Le Conseil de sécurité des Nations Unies a reçu ce vendredi un rapport alarmant sur la situation en République Démocratique du Congo. James Swan, représentant spécial du Secrétaire général, a lancé un appel solennel aux autorités congolaises et à l’ensemble des forces politiques pour trouver un terrain d’entente dans le cadre d’un dialogue national élargi.

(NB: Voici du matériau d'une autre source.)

lemma bounded_linear_Cmu_proj: "bounded_linear (Cmu_proj \<mu>)"
  unfolding Cmu_proj_def
  by (intro bounded_linear_add bounded_linear_compose[OF bounded_linear_qof_real]
      bounded_linear_vec_nth bounded_linear_compose[OF bounded_linear_scaleR_left]
      bounded_linear_inner_left)

lemma Cmu_iff_Cmu_proj:
  assumes "pure_unit \<mu>"
  shows "x \<in> Cmu \<mu> \<longleftrightarrow> Cmu_proj \<mu> x = x"
proof
  assume "x \<in> Cmu \<mu>"
  then obtain a b where x: "x = qof_real a + b *\<^sub>R \<mu>"
    by (auto simp: Cmu_def)
  show "Cmu_proj \<mu> x = x"
    using assms unfolding x pure_unit_iff by (simp add: quat_simps algebra_simps; algebra)
next
  assume "Cmu_proj \<mu> x = x"
  then show "x \<in> Cmu \<mu>"
    unfolding Cmu_proj_def Cmu_def by (metis (mono_tags, lifting) mem_Collect_eq)
qed

lemma qmul_in_Cmu:
  assumes "pure_unit \<mu>" "z \<in> Cmu \<mu>" "w \<in> Cmu \<mu>"
  shows "qmul z w \<in> Cmu \<mu>"
proof -
  obtain a b c d where z: "z = qof_real a + b *\<^sub>R \<mu>" and w: "w = qof_real c + d *\<^sub>R \<mu>"
    using assms(2,3) by (auto simp: Cmu_def)
  have "qmul z w = qof_real (a * c - b * d) + (a * d + b * c) *\<^sub>R \<mu>"
    using assms(1) unfolding z w pure_unit_iff by (simp add: quat_simps algebra_simps; algebra)
  then show ?thesis
    by (auto simp: Cmu_def)
qed

lemma integral_in_Cmu:
  assumes "pure_unit \<mu>" "\<And>x. x \<in> space M \<Longrightarrow> f x \<in> Cmu \<mu>"
  shows "(\<integral>x. f x \<partial>M) \<in> Cmu \<mu>"
proof (cases "integrable M f")
  case True
  have "Cmu_proj \<mu> (\<integral>x. f x \<partial>M) = (\<integral>x. Cmu_proj \<mu> (f x) \<partial>M)"
    by (rule integral_bounded_linear[OF bounded_linear_Cmu_proj True, symmetric])
  also have "\<dots> = (\<integral>x. f x \<partial>M)"
    using assms by (intro Bochner_Integration.integral_cong) (auto simp: Cmu_iff_Cmu_proj)
  finally show ?thesis
    using assms(1) by (simp add: Cmu_iff_Cmu_proj)
next
  case False
  have "0 = qof_real 0 + 0 *\<^sub>R \<mu>"
    by (simp add: qof_real_def quat_eq_iff)
  then show ?thesis
    unfolding not_integrable_integral_eq[OF False] Cmu_def by blast
qed

lemma Cmu_proj_sandwich:
  assumes "pure_unit \<mu>" "pure_unit \<nu>" "inner \<mu> \<nu> = 0"
  shows "Cmu_proj \<mu> (qmul (qmul \<mu> x) \<mu>) = - Cmu_proj \<mu> x"
    and "Cmu_proj \<mu> (qmul (qmul (qmul \<mu> x) \<mu>) (qcnj \<nu>)) = Cmu_proj \<mu> (qmul x (qcnj \<nu>))"
  using assms unfolding pure_unit_iff
  by (simp_all add: quat_simps algebra_simps; algebra)+

lemma Cmu_proj_decomp:
  assumes "pure_unit \<mu>" "pure_unit \<nu>" "inner \<mu> \<nu> = 0" "z1 \<in> Cmu \<mu>" "z2 \<in> Cmu \<mu>"
  shows "Cmu_proj \<mu> (z1 + qmul z2 \<nu>) = z1"
    and "Cmu_proj \<mu> (qmul (z1 + qmul z2 \<nu>) (qcnj \<nu>)) = z2"
proof -
  obtain a b where z1: "z1 = qof_real a + b *\<^sub>R \<mu>"
    using assms(4) by (auto simp: Cmu_def)
  obtain c d where z2: "z2 = qof_real c + d *\<^sub>R \<mu>"
    using assms(5) by (auto simp: Cmu_def)
  show "Cmu_proj \<mu> (z1 + qmul z2 \<nu>) = z1"
    using assms(1-3) unfolding z1 z2 pure_unit_iff
    by (simp add: quat_simps algebra_simps; algebra)
  show "Cmu_proj \<mu> (qmul (z1 + qmul z2 \<nu>) (qcnj \<nu>)) = z2"
    using assms(1-3) unfolding z1 z2 pure_unit_iff
    by (simp add: quat_simps algebra_simps; algebra)
qed

lemma integral_eq_0_if_odd_under_law_symmetry:
  fixes G :: "'b \<Rightarrow> 'c::{banach, second_countable_topology}"
  assumes X: "X \<in> measurable M N" and \<sigma>: "\<sigma> \<in> measurable N N"
    and law: "distr M N X = distr M N (\<lambda>\<omega>. \<sigma> (X \<omega>))"
    and G: "G \<in> borel_measurable N"
    and odd: "\<And>x. x \<in> space N \<Longrightarrow> G (\<sigma> x) = - G x"
  shows "(\<integral>\<omega>. G (X \<omega>) \<partial>M) = 0"
proof -
  have "(\<integral>\<omega>. G (X \<omega>) \<partial>M) = (\<integral>x. G x \<partial>distr M N X)"
    by (rule integral_distr[OF X G, symmetric])
  also have "\<dots> = (\<integral>x. G x \<partial>distr M N (\<lambda>\<omega>. \<sigma> (X \<omega>)))"
    by (simp only: law)
  also have "\<dots> = (\<integral>\<omega>. G (\<sigma> (X \<omega>)) \<partial>M)"
    using X \<sigma> G by (intro integral_distr) auto
  also have "\<dots> = (\<integral>\<omega>. - G (X \<omega>) \<partial>M)"
    using X by (intro Bochner_Integration.integral_cong) (auto simp: odd measurable_space)
  finally show ?thesis
    by (simp add: eq_neg_iff_add_eq_0 flip: scaleR_2)
qed

lemma proper_odd_moment_eq_0:
  fixes F :: "quat \<Rightarrow> quat \<Rightarrow> quat"
  assumes \<mu>\<nu>: "pure_unit \<mu>" "pure_unit \<nu>" "inner \<mu> \<nu> = 0"
    and q: "q \<in> borel_measurable M"
    and z: "\<And>\<omega>. \<omega> \<in> space M \<Longrightarrow> z1 \<omega> \<in> Cmu \<mu>" "\<And>\<omega>. \<omega> \<in> space M \<Longrightarrow> z2 \<omega> \<in> Cmu \<mu>"
    and q_eq: "\<And>\<omega>. \<omega> \<in> space M \<Longrightarrow> q \<omega> = z1 \<omega> + qmul (z2 \<omega>) \<nu>"
    and proper: "distr M borel q = distr M borel (\<lambda>\<omega>. qmul (qmul \<mu> (q \<omega>)) \<mu>)"
    and F_cont: "continuous_on UNIV (\<lambda>p. F (fst p) (snd p))"
    and F_odd: "\<And>a b. F (- a) b = - F a b"
  shows "(\<integral>\<omega>. F (z1 \<omega>) (z2 \<omega>) \<partial>M) = 0"
proof -
  define G where "G x = F (Cmu_proj \<mu> x) (Cmu_proj \<mu> (qmul x (qcnj \<nu>)))" for x
  have "continuous_on UNIV G"
    unfolding G_def
    by (rule continuous_on_compose2[OF F_cont, where f = "\<lambda>x. (_ x, _ x)", simplified])
       (intro continuous_intros)
  then have G: "G \<in> borel_measurable borel"
    by (rule borel_measurable_continuous_onI)
  have \<sigma>: "(\<lambda>x. qmul (qmul \<mu> x) \<mu>) \<in> borel_measurable borel"
    by (intro borel_measurable_continuous_onI continuous_intros)
  have "(\<integral>\<omega>. F (z1 \<omega>) (z2 \<omega>) \<partial>M) = (\<integral>\<omega>. G (q \<omega>) \<partial>M)"
    using \<mu>\<nu> z by (intro Bochner_Integration.integral_cong) (simp_all add: G_def q_eq Cmu_proj_decomp)
  also have "\<dots> = 0"
    using q \<sigma> proper G
    by (rule integral_eq_0_if_odd_under_law_symmetry) (simp add: G_def Cmu_proj_sandwich[OF \<mu>\<nu>] F_odd)
  finally show ?thesis .
qed

theorem mainTheorem6:
  fixes M :: "'a measure" and \<mu>1 \<mu>2 :: quat and q z1 z2 :: "'a \<Rightarrow> quat"
  assumes "prob_space M"
    and "pure_unit \<mu>1" and "pure_unit \<mu>2" and "inner \<mu>1 \<mu>2 = 0"
    and "z1 \<in> borel_measurable M" and "z2 \<in> borel_measurable M"
    and "\<And>\<omega>. \<omega> \<in> space M \<Longrightarrow> z1 \<omega> \<in> Cmu \<mu>1"
    and "\<And>\<omega>. \<omega> \<in> space M \<Longrightarrow> z2 \<omega> \<in> Cmu \<mu>1"
    and "\<And>\<omega>. \<omega> \<in> space M \<Longrightarrow> q \<omega> = z1 \<omega> + qmul (z2 \<omega>) \<mu>2"
    and "quat_gaussian M q"
    and "qexp M q = 0"
    and "distr M borel q = distr M borel (\<lambda>\<omega>. qmul (qmul \<mu>1 (q \<omega>)) \<mu>1)"
  shows "let qC = (\<lambda>\<omega>. [z1 \<omega>, qcnj (z1 \<omega>), z2 \<omega>, qcnj (z2 \<omega>)]);
             \<sigma>2 = integral\<^sup>L M (\<lambda>\<omega>. (norm (z1 \<omega>))\<^sup>2);
             s2 = integral\<^sup>L M (\<lambda>\<omega>. (norm (z2 \<omega>))\<^sup>2);
             \<alpha> = qexp M (\<lambda>\<omega>. qmul (z1 \<omega>) (z1 \<omega>));
             \<delta> = qexp M (\<lambda>\<omega>. qmul (z2 \<omega>) (z2 \<omega>));
             R = [[qof_real \<sigma>2, \<alpha>, 0, 0],
                  [qcnj \<alpha>, qof_real \<sigma>2, 0, 0],
                  [0, 0, qof_real s2, \<delta>],
                  [0, 0, qcnj \<delta>, qof_real s2]]
         in (\<forall>i<4. \<forall>j<4.
               qexp M (\<lambda>\<omega>. qmul (qC \<omega> ! i) (qcnj (qC \<omega> ! j))) = R ! i ! j)
            \<and> \<alpha> \<in> Cmu \<mu>1 \<and> \<delta> \<in> Cmu \<mu>1"
proof -
  have q: "q \<in> borel_measurable M"
    using \<open>quat_gaussian M q\<close> by (simp add: quat_gaussian_def)
  have cross: "(\<integral>\<omega>. F (z1 \<omega>) (z2 \<omega>) \<partial>M) = 0"
    if "continuous_on UNIV (\<lambda>p. F (fst p) (snd p))" "\<And>a b. F (- a) b = - F a b"
    for F :: "quat \<Rightarrow> quat \<Rightarrow> quat"
    using proper_odd_moment_eq_0[where F = F, OF assms(2-4) q assms(7-9) assms(12) that] .
  have "qexp M (\<lambda>\<omega>. qmul (z1 \<omega>) (qcnj (z2 \<omega>))) = 0"
    "qexp M (\<lambda>\<omega>. qmul (z1 \<omega>) (z2 \<omega>)) = 0"
    "qexp M (\<lambda>\<omega>. qmul (qcnj (z1 \<omega>)) (qcnj (z2 \<omega>))) = 0"
    "qexp M (\<lambda>\<omega>. qmul (qcnj (z1 \<omega>)) (z2 \<omega>)) = 0"
    "qexp M (\<lambda>\<omega>. qmul (z2 \<omega>) (qcnj (z1 \<omega>))) = 0"
    "qexp M (\<lambda>\<omega>. qmul (z2 \<omega>) (z1 \<omega>)) = 0"
    "qexp M (\<lambda>\<omega>. qmul (qcnj (z2 \<omega>)) (qcnj (z1 \<omega>))) = 0"
    "qexp M (\<lambda>\<omega>. qmul (qcnj (z2 \<omega>)) (z1 \<omega>)) = 0"
    by (rule cross; (intro continuous_intros)?; simp)+
  moreover have "qexp M (\<lambda>\<omega>. qmul (z \<omega>) (z \<omega>)) \<in> Cmu \<mu>1"
    if "\<And>\<omega>. \<omega> \<in> space M \<Longrightarrow> z \<omega> \<in> Cmu \<mu>1" for z
    using assms(2) that by (intro integral_in_Cmu qmul_in_Cmu)
  ultimately show ?thesis
    using assms(7,8)
    by (simp add: Let_def All_less_Suc numeral_eq_Suc integral_qmul_qcnj_self
        integral_qcnj_qmul_self integral_qcnj_square)
qed

end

L’urgence d’agir n’a jamais été aussi pressante : le pays traverse une période de tensions exacerbées par les débats constitutionnels et les récentes tensions autour de la Commission Épiscopale Nationale du Congo (CENCO). Le diplomate onusien a souligné l’importance cruciale de maintenir un espace public libre et sécurisé, permettant à chaque acteur de s’exprimer sans crainte de représailles.
Sur le plan institutionnel, James Swan a salué les avancées enregistrées dans la réforme du secteur de la sécurité, notamment la mise en place d’une commission dédiée. Il a également mis en avant la finalisation prochaine de la première politique nationale de sécurité du pays, un projet stratégique piloté directement par la présidence de la République.

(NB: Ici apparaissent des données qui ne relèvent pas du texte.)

lemma bounded_seq_convergent_subseq:
  fixes x :: "nat \<Rightarrow> complex"
  assumes bound: "\<And>t. cmod (x t) \<le> B"
  shows "\<exists>r. strict_mono r \<and> convergent (x \<circ> r)"
proof -
  obtain r where r: "strict_mono r" "monoseq (\<lambda>t. Re (x (r t)))"
    using seq_monosub[of "\<lambda>t. Re (x t)"] by blast
  obtain s where s: "strict_mono s" "monoseq (\<lambda>t. Im (x (r (s t))))"
    using seq_monosub[of "\<lambda>t. Im (x (r t))"] by blast
  have "Bseq (\<lambda>t. Re (x (r t)))" "Bseq (\<lambda>t. Im (x (r (s t))))"
    using bound abs_Re_le_cmod abs_Im_le_cmod order_trans by (intro BseqI'; fastforce)+
  then have "convergent ((\<lambda>t. Re (x (r t))) \<circ> s)" "convergent (\<lambda>t. Im (x (r (s t))))"
    using r s Bseq_monoseq_convergent convergent_subseq_convergent by blast+
  then obtain a b where "(\<lambda>t. Re (x (r (s t)))) \<longlonglongrightarrow> a" "(\<lambda>t. Im (x (r (s t)))) \<longlonglongrightarrow> b"
    by (auto simp: convergent_def comp_def)
  then have "(x \<circ> (r \<circ> s)) \<longlonglongrightarrow> Complex a b"
    using tendsto_Complex by (fastforce simp: comp_def)
  then show ?thesis
    using strict_mono_o[OF r(1) s(1)] convergent_def by blast
qed

lemma finite_family_convergent_subseq:
  fixes x :: "nat \<Rightarrow> 'i \<Rightarrow> complex"
  assumes "finite I" and "\<And>t i. i \<in> I \<Longrightarrow> cmod (x t i) \<le> B"
  shows "\<exists>r. strict_mono r \<and> (\<forall>i\<in>I. convergent (\<lambda>t. x (r t) i))"
  using assms
proof (induction I rule: finite_induct)
  case empty
  show ?case
    using strict_mono_id by blast
next
  case (insert i0 I)
  obtain r where r: "strict_mono r" "\<forall>i\<in>I. convergent (\<lambda>t. x (r t) i)"
    using insert by blast
  obtain s where s: "strict_mono s" "convergent ((\<lambda>t. x (r t) i0) \<circ> s)"
    using bounded_seq_convergent_subseq[of "\<lambda>t. x (r t) i0" B] insert.prems by blast
  have "convergent (\<lambda>t. x (r (s t)) i)" if "i \<in> insert i0 I" for i
    using that s r convergent_subseq_convergent[of "\<lambda>t. x (r t) i" s] by (auto simp: comp_def)
  then show ?case
    using strict_mono_o[OF r(1) s(1)] by (auto simp: comp_def)
qed

definition coeff_map :: "nat \<Rightarrow> nat \<Rightarrow> (nat \<Rightarrow> nat \<Rightarrow> nat \<Rightarrow> nat \<Rightarrow> complex) \<Rightarrow> complex mat \<Rightarrow> complex mat" where
  "coeff_map n m K A = mat m m (\<lambda>(i, j). \<Sum>a<n. \<Sum>b<n. A $$ (a, b) * K a b i j)"

lemma lin_map_coeff_map: "lin_map n m (coeff_map n m K)"
  unfolding lin_map_def coeff_map_def
  by (auto intro!: eq_matI simp: sum.distrib sum_distrib_left algebra_simps)

lemma coeff_map_munit:
  "a < n \<Longrightarrow> b < n \<Longrightarrow> i < m \<Longrightarrow> j < m \<Longrightarrow> coeff_map n m K (munit n a b) $$ (i, j) = K a b i j"
  unfolding coeff_map_def by (simp add: sum_indicator2_mult)

definition lin_maps_tendsto ::
  "nat \<Rightarrow> nat \<Rightarrow> (nat \<Rightarrow> complex mat \<Rightarrow> complex mat) \<Rightarrow> (complex mat \<Rightarrow> complex mat) \<Rightarrow> bool" where
  "lin_maps_tendsto n m Ls L \<longleftrightarrow>
     (\<forall>a<n. \<forall>b<n. \<forall>i<m. \<forall>j<m. (\<lambda>t. Ls t (munit n a b) $$ (i, j)) \<longlonglongrightarrow> L (munit n a b) $$ (i, j))"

Un contexte politique et social sous haute tension
Les récents événements à Kinshasa, où des manifestants ont encerclé le siège de la CENCO, illustrent parfaitement l’ampleur des divisions qui traversent actuellement la société congolaise. Ces tensions surviennent dans un contexte où les discussions sur une éventuelle révision constitutionnelle alimentent les divisions politiques.

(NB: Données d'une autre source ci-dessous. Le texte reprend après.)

(* Let $\mathcal{C}$ be a binary linear code of length $n$ and dimension $k$, used with BPSK (codeword $\underline c$ mapped to $\underline s$ with $s_t=1-2c_t$) over the AWGN channel $\underline y=\underline s+\underline z$, $\underline z$ with i.i.d. $\mathcal{N}(0,\sigma^2)$ components, $\sigma>0$, and maximum-likelihood (minimum Euclidean distance) decoding. Assume the all-zero codeword $\underline c^{(0)}$ is transmitted and let $E=\bigcup_{\underline s\neq\underline s^{(0)}}\{\underline s^{(0)}\to\underline s\}$ be the error event. Let $\underline c^{(1)}$ be any fixed codeword with $W_H(\underline c^{(1)})=d_1\ge1$, and let $\{B_{i,j}\}$ be the triangle spectrum of $\mathcal{C}$ with respect to $\underline c^{(1)}$. Then $${\rm Pr}\{E\}\le-(2^k-3)\,Q(\sqrt{d_1}/\sigma)+\sum_{1\le i,j\le n}B_{i,j}\,p_3(i,j),$$ where $p_3(i,j)=1-\iint_{\Omega}f(\xi_1)f(\xi_2)\,d\xi_1d\xi_2$ with $f(x)=\frac{1}{\sqrt{2\pi}\sigma}e^{-x^2/(2\sigma^2)}$, $\Omega=\{(\xi_1,\xi_2):\xi_1<\sqrt{d_1},\ \xi_1\cos\theta+\xi_2\sin\theta<\sqrt{i}\}$ and $\theta\in[0,\pi]$ with $\cos\theta=(d_1+i-j)/(2\sqrt{d_1 i})$.
   Context: $W_H$ is Hamming weight; $Q(x)=\int_x^\infty\frac{1}{\sqrt{2\pi}}e^{-t^2/2}dt$. The event $\{\underline s^{(0)}\to\underline s\}$ is $\{\underline y:\|\underline y-\underline s\|\le\|\underline y-\underline s^{(0)}\|\}$. The triangle spectrum with respect to $\underline c^{(1)}$: $B_{i,j}$ is the number of codewords $\underline c$ with $W_H(\underline c)=i$ and $W_H(\underline c-\underline c^{(1)})=j$ (so the sum over $i,j\ge1$ counts all codewords other than $\underline c^{(0)}$ and $\underline c^{(1)}$). For such a codeword $\underline c$ with bipolar image $\underline s$, $p_3(i,j)$ equals ${\rm Pr}\{(\underline s^{(0)}\to\underline s^{(1)})\cup(\underline s^{(0)}\to\underline s)\}$. *)

theory Defs
  imports "HOL-Probability.Probability"
begin

text \<open>Binary words of length n are functions nat => bool that are False outside {0..<n}.\<close>

definition words :: "nat \<Rightarrow> (nat \<Rightarrow> bool) set" where
  "words n = {c. \<forall>t. n \<le> t \<longrightarrow> \<not> c t}"

definition zero_word :: "nat \<Rightarrow> bool" where
  "zero_word = (\<lambda>t. False)"

definition word_add :: "(nat \<Rightarrow> bool) \<Rightarrow> (nat \<Rightarrow> bool) \<Rightarrow> (nat \<Rightarrow> bool)" where
  "word_add c d = (\<lambda>t. c t \<noteq> d t)"

text \<open>Binary linear code of length n: a subspace of GF(2)^n, i.e. a subset of the words
  containing zero and closed under addition (over GF(2) closure under scalars is automatic).
  Its dimension is k iff it has 2^k elements.\<close>

definition binary_linear_code :: "nat \<Rightarrow> nat \<Rightarrow> (nat \<Rightarrow> bool) set \<Rightarrow> bool" where
  "binary_linear_code n k C \<longleftrightarrow>
     C \<subseteq> words n \<and> zero_word \<in> C \<and> (\<forall>c\<in>C. \<forall>d\<in>C. word_add c d \<in> C) \<and> card C = 2 ^ k"

definition hamming_weight :: "nat \<Rightarrow> (nat \<Rightarrow> bool) \<Rightarrow> nat" where
  "hamming_weight n c = card {t. t < n \<and> c t}"

definition bpsk :: "(nat \<Rightarrow> bool) \<Rightarrow> nat \<Rightarrow> real" where
  "bpsk c t = (if c t then -1 else 1)"

definition sqdist :: "nat \<Rightarrow> (nat \<Rightarrow> real) \<Rightarrow> (nat \<Rightarrow> real) \<Rightarrow> real" where
  "sqdist n y s = (\<Sum>t<n. (y t - s t)\<^sup>2)"

definition noise :: "nat \<Rightarrow> real \<Rightarrow> (nat \<Rightarrow> real) measure" where
  "noise n \<sigma> = PiM {..<n} (\<lambda>_. density lborel (normal_density 0 \<sigma>))"

definition error_event :: "nat \<Rightarrow> real \<Rightarrow> (nat \<Rightarrow> bool) set \<Rightarrow> (nat \<Rightarrow> real) set" where
  "error_event n \<sigma> C = {z \<in> space (noise n \<sigma>).
     \<exists>c\<in>C. c \<noteq> zero_word \<and>
       sqdist n (\<lambda>t. bpsk zero_word t + z t) (bpsk c)
         \<le> sqdist n (\<lambda>t. bpsk zero_word t + z t) (bpsk zero_word)}"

Face à cette situation complexe, l’ONU appelle à une mobilisation collective pour éviter une escalade de la violence. La protection des droits fondamentaux, particulièrement la liberté d’expression et de réunion, constitue selon l’organisation internationale un pilier indispensable à toute transition pacifique.
Les priorités identifiées par la communauté internationale
Parmi les mesures urgentes réclamées par la MONUSCO, on note :
- L’organisation d’un dialogue inclusif réunissant toutes les sensibilités politiques
- Le renforcement des mécanismes de protection des droits de l’homme
- L’accélération des réformes institutionnelles pour restaurer la confiance dans les institutions étatiques
- Le respect strict des engagements pris dans le cadre des accords de paix régionaux
Ces recommandations s’inscrivent dans une volonté de stabilisation à long terme de la région des Grands Lacs, où la RDC joue un rôle central.